[Dataset excerpts]
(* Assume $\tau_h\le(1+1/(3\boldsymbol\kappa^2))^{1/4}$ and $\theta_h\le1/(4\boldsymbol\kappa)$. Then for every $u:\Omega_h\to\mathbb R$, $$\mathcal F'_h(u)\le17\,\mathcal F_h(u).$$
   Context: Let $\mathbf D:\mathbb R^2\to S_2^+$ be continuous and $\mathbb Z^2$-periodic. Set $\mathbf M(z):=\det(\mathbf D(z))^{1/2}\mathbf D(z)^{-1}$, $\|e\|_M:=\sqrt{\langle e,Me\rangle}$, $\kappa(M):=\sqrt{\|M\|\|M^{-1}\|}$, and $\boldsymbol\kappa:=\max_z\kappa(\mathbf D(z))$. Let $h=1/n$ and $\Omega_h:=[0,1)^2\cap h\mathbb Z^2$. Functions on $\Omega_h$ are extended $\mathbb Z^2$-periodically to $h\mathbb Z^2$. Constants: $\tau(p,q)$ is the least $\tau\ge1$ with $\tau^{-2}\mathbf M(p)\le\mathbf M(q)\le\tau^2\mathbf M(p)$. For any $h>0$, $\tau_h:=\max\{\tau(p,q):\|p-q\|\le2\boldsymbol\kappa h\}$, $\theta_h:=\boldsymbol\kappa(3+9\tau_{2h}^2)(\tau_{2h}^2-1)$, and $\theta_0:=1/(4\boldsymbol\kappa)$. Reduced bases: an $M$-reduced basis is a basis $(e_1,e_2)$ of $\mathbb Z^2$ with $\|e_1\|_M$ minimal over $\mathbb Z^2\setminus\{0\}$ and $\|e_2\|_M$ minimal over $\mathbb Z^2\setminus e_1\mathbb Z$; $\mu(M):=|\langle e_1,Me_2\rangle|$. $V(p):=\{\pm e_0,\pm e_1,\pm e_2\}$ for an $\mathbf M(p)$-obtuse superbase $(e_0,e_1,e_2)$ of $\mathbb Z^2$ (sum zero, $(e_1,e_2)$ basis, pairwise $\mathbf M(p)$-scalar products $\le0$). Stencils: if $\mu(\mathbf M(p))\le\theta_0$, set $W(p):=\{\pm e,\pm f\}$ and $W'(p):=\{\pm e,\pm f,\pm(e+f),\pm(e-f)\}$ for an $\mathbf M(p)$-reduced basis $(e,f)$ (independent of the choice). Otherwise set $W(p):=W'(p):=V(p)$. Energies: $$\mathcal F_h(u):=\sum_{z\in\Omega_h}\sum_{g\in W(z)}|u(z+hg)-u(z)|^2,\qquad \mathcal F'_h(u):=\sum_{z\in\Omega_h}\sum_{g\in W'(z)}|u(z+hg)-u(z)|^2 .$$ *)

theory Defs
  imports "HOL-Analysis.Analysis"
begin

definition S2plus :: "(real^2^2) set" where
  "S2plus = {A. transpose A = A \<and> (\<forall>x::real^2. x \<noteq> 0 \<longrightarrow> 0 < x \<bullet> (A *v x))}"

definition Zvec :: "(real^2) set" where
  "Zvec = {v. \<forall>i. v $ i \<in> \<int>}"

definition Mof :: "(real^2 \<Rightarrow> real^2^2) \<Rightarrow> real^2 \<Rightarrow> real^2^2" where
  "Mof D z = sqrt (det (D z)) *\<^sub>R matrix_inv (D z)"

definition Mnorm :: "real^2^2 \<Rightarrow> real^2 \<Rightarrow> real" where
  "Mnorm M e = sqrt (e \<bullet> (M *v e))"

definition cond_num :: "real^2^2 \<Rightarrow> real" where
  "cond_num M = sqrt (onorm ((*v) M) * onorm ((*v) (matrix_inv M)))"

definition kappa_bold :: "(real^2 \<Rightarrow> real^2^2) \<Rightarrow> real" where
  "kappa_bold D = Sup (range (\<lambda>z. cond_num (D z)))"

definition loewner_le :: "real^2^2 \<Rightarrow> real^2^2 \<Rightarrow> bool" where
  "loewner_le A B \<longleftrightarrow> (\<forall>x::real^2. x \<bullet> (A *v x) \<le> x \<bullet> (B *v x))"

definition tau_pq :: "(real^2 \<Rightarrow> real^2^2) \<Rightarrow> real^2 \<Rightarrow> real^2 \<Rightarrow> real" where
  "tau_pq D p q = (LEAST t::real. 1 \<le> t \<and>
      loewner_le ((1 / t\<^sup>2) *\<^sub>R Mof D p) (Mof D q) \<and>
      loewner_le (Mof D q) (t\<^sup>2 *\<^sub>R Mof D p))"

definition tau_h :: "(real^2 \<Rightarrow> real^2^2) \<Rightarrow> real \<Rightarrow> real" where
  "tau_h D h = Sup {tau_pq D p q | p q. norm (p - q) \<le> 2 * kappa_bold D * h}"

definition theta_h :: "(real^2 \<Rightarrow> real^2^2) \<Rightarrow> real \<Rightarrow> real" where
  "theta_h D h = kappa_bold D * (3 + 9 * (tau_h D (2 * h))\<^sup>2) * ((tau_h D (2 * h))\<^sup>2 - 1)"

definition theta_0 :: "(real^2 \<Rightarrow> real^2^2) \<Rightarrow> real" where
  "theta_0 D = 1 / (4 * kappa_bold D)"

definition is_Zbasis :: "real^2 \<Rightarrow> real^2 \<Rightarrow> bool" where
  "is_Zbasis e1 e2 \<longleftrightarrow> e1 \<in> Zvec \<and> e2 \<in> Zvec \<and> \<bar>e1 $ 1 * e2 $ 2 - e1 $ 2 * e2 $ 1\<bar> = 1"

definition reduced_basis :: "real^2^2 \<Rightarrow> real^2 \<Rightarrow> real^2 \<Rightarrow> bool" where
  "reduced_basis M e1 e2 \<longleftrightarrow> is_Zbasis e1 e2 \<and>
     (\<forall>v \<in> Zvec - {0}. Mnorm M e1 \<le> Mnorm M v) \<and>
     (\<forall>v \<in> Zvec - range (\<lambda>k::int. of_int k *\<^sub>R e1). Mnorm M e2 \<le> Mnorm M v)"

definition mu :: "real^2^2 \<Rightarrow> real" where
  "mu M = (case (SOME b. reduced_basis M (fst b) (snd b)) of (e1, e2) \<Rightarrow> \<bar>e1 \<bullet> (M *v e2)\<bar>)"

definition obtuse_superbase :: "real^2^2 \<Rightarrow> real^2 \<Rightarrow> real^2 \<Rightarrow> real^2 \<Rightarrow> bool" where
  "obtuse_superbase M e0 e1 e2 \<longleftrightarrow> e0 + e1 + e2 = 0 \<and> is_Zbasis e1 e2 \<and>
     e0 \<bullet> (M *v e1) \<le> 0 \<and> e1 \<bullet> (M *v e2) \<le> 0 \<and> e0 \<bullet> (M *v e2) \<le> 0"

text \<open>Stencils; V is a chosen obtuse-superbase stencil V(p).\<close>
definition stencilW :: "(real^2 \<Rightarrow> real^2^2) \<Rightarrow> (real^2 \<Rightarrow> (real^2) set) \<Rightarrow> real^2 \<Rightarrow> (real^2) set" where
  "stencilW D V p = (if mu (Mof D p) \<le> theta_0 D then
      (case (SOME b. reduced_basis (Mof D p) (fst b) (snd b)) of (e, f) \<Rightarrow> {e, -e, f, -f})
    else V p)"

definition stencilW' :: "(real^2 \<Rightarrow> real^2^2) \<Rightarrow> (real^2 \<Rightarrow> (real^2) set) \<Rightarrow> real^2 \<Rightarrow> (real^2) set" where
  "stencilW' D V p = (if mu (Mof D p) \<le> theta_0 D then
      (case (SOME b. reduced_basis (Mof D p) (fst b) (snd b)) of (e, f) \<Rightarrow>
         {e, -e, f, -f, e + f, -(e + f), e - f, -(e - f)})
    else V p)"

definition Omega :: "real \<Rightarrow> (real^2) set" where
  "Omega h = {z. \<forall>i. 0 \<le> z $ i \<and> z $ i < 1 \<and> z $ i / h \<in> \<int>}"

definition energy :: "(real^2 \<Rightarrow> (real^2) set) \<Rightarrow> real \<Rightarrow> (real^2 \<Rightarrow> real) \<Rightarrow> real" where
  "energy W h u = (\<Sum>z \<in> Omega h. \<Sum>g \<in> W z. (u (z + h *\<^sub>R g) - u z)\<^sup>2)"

## [BRIEF]
This task asks for the number of lines above that include the string "bool". Respond with that number only.

## [OUTPUT OF THE TASK]
4